THE INPUT: Begin

lemma norm_series_term_le: "z \<in> compacts m \<Longrightarrow> m \<le> j \<Longrightarrow> norm (series_term j z) \<le> (1/2) ^ j"
proof -
  assume "z \<in> compacts m" "m \<le> j"
  then have z: "z \<in> compacts j" using compacts_mono by blast
  have "norm (series_term j z) = coeff j * norm (F j z)"
    using coeff_bounds(1)[of j] unfolding series_term_def by (simp add: norm_mult)
  also have "\<dots> \<le> step_bound j (compacts j) * (1 + \<bar>sup_norm j (compacts j)\<bar>)"
    using coeff_bounds[of j] norm_F_le_sup_norm[OF z] by (intro mult_mono) auto
  also have "\<dots> \<le> (1/2) ^ j / (1 + \<bar>sup_norm j (compacts j)\<bar>) * (1 + \<bar>sup_norm j (compacts j)\<bar>)"
    unfolding step_bound_def by (intro mult_right_mono) auto
  finally show ?thesis by simp
qed

lemma coeff_mass_le: "coeff k * ((2 powr q) ^ Suc k * (1 + mass k)) \<le> (1/2) ^ Suc k"
proof -
  have pos: "(2 powr q) ^ Suc k * (1 + mass k) > 0" using mass_nonneg[of k] by simp
  have "coeff k \<le> (1/2) ^ Suc k / ((2 powr q) ^ Suc k * (1 + mass k))"
    using coeff_bounds(2)[of k] unfolding step_bound_def by simp
  then show ?thesis unfolding pos_le_divide_eq[OF pos] .
qed

lemma series_term_zero: "z \<notin> \<Omega> \<Longrightarrow> series_term j z = 0"
  unfolding series_term_def using OLp_belowD(2)[OF F q] by simp

lemma series_term_eventually_small: "\<exists>m. \<forall>j\<ge>m. norm (series_term j z) \<le> 1 * (1/2) ^ j"
proof (cases "z \<in> \<Omega>")
  case True
  then obtain r m where "r > 0" "cball z r \<subseteq> compacts m" by (rule cball_subset_compacts)
  then have "z \<in> compacts m" using centre_in_cball[of z r] by auto
  then show ?thesis using norm_series_term_le[of z m] by auto
qed (simp add: series_term_zero)

lemma summable_norm_series_term: "summable (\<lambda>j. norm (series_term j z))"
proof -
  obtain m where "\<forall>j\<ge>m. norm (series_term j z) \<le> 1 * (1/2) ^ j" using series_term_eventually_small by blast
  then show ?thesis by (intro geometric_tail_bound(1)[of m _ 1]) auto
qed

lemma series_minus_partial_sum:
  assumes "z \<in> compacts m" shows "norm (series z - partial_sum m z) \<le> 2 * (1/2) ^ m"
  unfolding series_def partial_sum_eq_sum
  using geometric_tail_bound(2)[of m "\<lambda>j. series_term j z" 1] norm_series_term_le[OF assms] by simp

lemma series_zero: "z \<notin> \<Omega> \<Longrightarrow> series z = 0"
  unfolding series_def by (simp add: series_term_zero)

lemma holo_on_series: "holo_on series \<Omega>"
  unfolding series_def[abs_def]
proof (rule holo_on_suminf[OF open_\<Omega>])
  show "holo_on (series_term j) \<Omega>" for j
    unfolding series_term_def[abs_def] by (rule holo_on_cmult[OF OLp_belowD(1)[OF F q]])
  fix x assume "x \<in> \<Omega>"
  then obtain r m where "r > 0" "cball x r \<subseteq> compacts m" by (rule cball_subset_compacts)
  then show "\<exists>r>0. \<exists>m. cball x r \<subseteq> \<Omega> \<and> (\<forall>j\<ge>m. \<forall>y\<in>cball x r. norm (series_term j y) \<le> (1/2) ^ j)"
    using compacts(2)[of m] norm_series_term_le by blast
qed
lemma interval_partition_union:
  assumes F: "interval_partition s u F" and G: "interval_partition u t G"
  shows "interval_partition s t (F \<union> G)"
    and "partition_sum X (F \<union> G) = partition_sum X F + partition_sum X G"
    and "mesh_le d F \<Longrightarrow> mesh_le d G \<Longrightarrow> mesh_le d (F \<union> G)"
proof -
  have F_sub: "F \<subseteq> {s..u}" and G_sub: "G \<subseteq> {u..t}" and uF: "u \<in> F" and uG: "u \<in> G"
    and fin: "finite (F \<union> G)"
    using F G unfolding interval_partition_def by auto
  show FG: "interval_partition s t (F \<union> G)"
    using F G interval_partition_le[OF F] interval_partition_le[OF G]
    unfolding interval_partition_def by auto
  have u: "u \<in> F \<union> G" using uF by auto
  have lower: "(F \<union> G) \<inter> {..u} = F" and upper: "(F \<union> G) \<inter> {u..} = G"
    using F_sub G_sub uF uG by force+
  show "partition_sum X (F \<union> G) = partition_sum X F + partition_sum X G"
    using partition_sum_split[OF FG u, of X] lower upper by simp
  assume mesh_F: "mesh_le d F" and mesh_G: "mesh_le d G"
  have Max_F: "Max F = u" and Max_G: "Max G = t" and Max_FG: "Max (F \<union> G) = t"
    using interval_partition_Max F G FG by auto
  show "mesh_le d (F \<union> G)" unfolding mesh_le_def Max_FG
  proof (intro ballI impI)
    fix w assume w: "w \<in> F \<union> G" "w < t"
    show "next_point (F \<union> G) w - w \<le> d"
    proof (cases "w < u")
      case True
      then have "w \<in> F" "next_point (F \<union> G) w = next_point F w"
        using w G_sub next_point_restrict_atMost[OF fin u True] lower by auto
      then show ?thesis using mesh_F True unfolding mesh_le_def Max_F by auto
    next
      case False
      then have "w \<in> G" "next_point (F \<union> G) w = next_point G w"
        using w F_sub uG next_point_restrict_atLeast[of u w "F \<union> G"] upper by auto
      then show ?thesis using mesh_G w unfolding mesh_le_def Max_G by auto
    qed
  qed
qed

THE INPUT: End

- EXERCISE INSTRUCTIONS: Scan each line of the entries above for the word "also" and report how many lines contain it, with nothing else.

- ANSWER TO THIS PROBLEM: 2